Mi Mittwoch
29.
Sep September
So spricht Gott, der HERR, der die Himmel schuf und sie ausspannte, der die Erde ausbreitete mit ihren Gewächsen, der dem Volk auf ihr den Odem gab und den Hauch des Lebens denen, die darauf wandeln: ... Ich bin der HERR, das ist mein Name; und meine Ehre gebe ich keinem anderen.
Jesaja 42,5.8

Wie vieles hat sich doch die Technik von der Natur abgeschaut! - Erstaunlich, wie sich die Frucht der Klette im Fell von Tieren festhakt, um ihren Samen zu verbreiten. Dasselbe Prinzip verwendet die Industrie seit den fünfziger Jahren z. B. bei Verschlüssen für Sportbekleidung. Die Funktion: Elas­tische Plastikhäkchen verhaken sich, lassen sich aber durch starken Zug wieder lösen.

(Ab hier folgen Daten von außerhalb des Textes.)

lemma char_trivial_on_stabilizer_act:
  assumes "one_dim_char W \<chi>" "\<tau> \<in> W" "length j = d"
  shows "(\<forall>\<sigma>\<in>stabilizer W (act \<tau> j). \<chi> \<sigma> = 1) \<longleftrightarrow> (\<forall>\<sigma>\<in>stabilizer W j. \<chi> \<sigma> = 1)"
proof
  assume trivial: "\<forall>\<sigma>\<in>stabilizer W (act \<tau> j). \<chi> \<sigma> = 1"
  show "\<forall>\<sigma>\<in>stabilizer W j. \<chi> \<sigma> = 1"
  proof
    fix \<sigma> assume \<sigma>: "\<sigma> \<in> stabilizer W j"
    then have "\<chi> (\<tau> \<circ> \<sigma> \<circ> inv \<tau>) = 1"
      using trivial conj_mem_stabilizer_act[OF \<sigma> assms(2,3)] by blast
    then show "\<chi> \<sigma> = 1"
      using char_conj[OF assms(1) _ assms(2)] \<sigma> unfolding stabilizer_def by simp
  qed
next
  assume trivial: "\<forall>\<sigma>\<in>stabilizer W j. \<chi> \<sigma> = 1"
  show "\<forall>\<sigma>\<in>stabilizer W (act \<tau> j). \<chi> \<sigma> = 1"
  proof
    fix \<sigma> assume \<sigma>: "\<sigma> \<in> stabilizer W (act \<tau> j)"
    have "inv \<tau> \<circ> \<sigma> \<circ> inv (inv \<tau>) \<in> stabilizer W (act (inv \<tau>) (act \<tau> j))"
      using conj_mem_stabilizer_act[OF \<sigma> inv_mem[OF assms(2)]] assms(3) by simp
    then have "\<chi> (inv \<tau> \<circ> \<sigma> \<circ> inv (inv \<tau>)) = 1"
      using trivial act_inv_act[OF assms(2,3)] by simp
    then show "\<chi> \<sigma> = 1"
      using char_conj[OF assms(1) _ inv_mem[OF assms(2)]] \<sigma> unfolding stabilizer_def by simp
  qed
qed

lemma finite_tuple_orbit: "finite (tuple_orbit W j)"
  unfolding tuple_orbit_def using finite_group by simp

lemma act_mem_tuple_orbit: "\<sigma> \<in> W \<Longrightarrow> act \<sigma> j \<in> tuple_orbit W j"
  unfolding tuple_orbit_def by blast

lemma self_mem_tuple_orbit: "j \<in> tuple_orbit W j"
  using act_mem_tuple_orbit[OF id_mem] by simp

lemma tuple_orbit_act_subset:
  assumes "length j = d" "\<tau> \<in> W"
  shows "tuple_orbit W (act \<tau> j) \<subseteq> tuple_orbit W j"
  unfolding tuple_orbit_def
  using act_comp[OF mem_permutes mem_permutes[OF assms(2)] assms(1)] comp_mem[OF _ assms(2)] by auto

lemma tuple_orbit_act:
  assumes "length j = d" "\<tau> \<in> W"
  shows "tuple_orbit W (act \<tau> j) = tuple_orbit W j"
proof
  show "tuple_orbit W (act \<tau> j) \<subseteq> tuple_orbit W j" by (rule tuple_orbit_act_subset[OF assms])
  have "tuple_orbit W j = tuple_orbit W (act (inv \<tau>) (act \<tau> j))"
    using act_inv_act[OF assms(2,1)] by simp
  also have "\<dots> \<subseteq> tuple_orbit W (act \<tau> j)"
    using tuple_orbit_act_subset[OF _ inv_mem[OF assms(2)]] assms(1) by simp
  finally show "tuple_orbit W j \<subseteq> tuple_orbit W (act \<tau> j)" .
qed

lemma tuple_orbit_eq:
  assumes "length j = d" "k \<in> tuple_orbit W j"
  shows "tuple_orbit W k = tuple_orbit W j"
  using assms tuple_orbit_act unfolding tuple_orbit_def by blast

„Klettverschluss“ heißt diese praktische Lösung, die die Natur entwickelt hat. Oder müssen wir nicht besser sagen: der Schöpfer? Denn die Natur selbst hat nicht die Fähigkeit zu intelligenten und bewussten Entscheidungen, die nötig sind, um so etwas fertigzubringen. - Leider wird oft heutzutage von der Natur auf eine Weise gesprochen, als ob es sich um ein intelligentes und allmächtiges Wesen handeln würde!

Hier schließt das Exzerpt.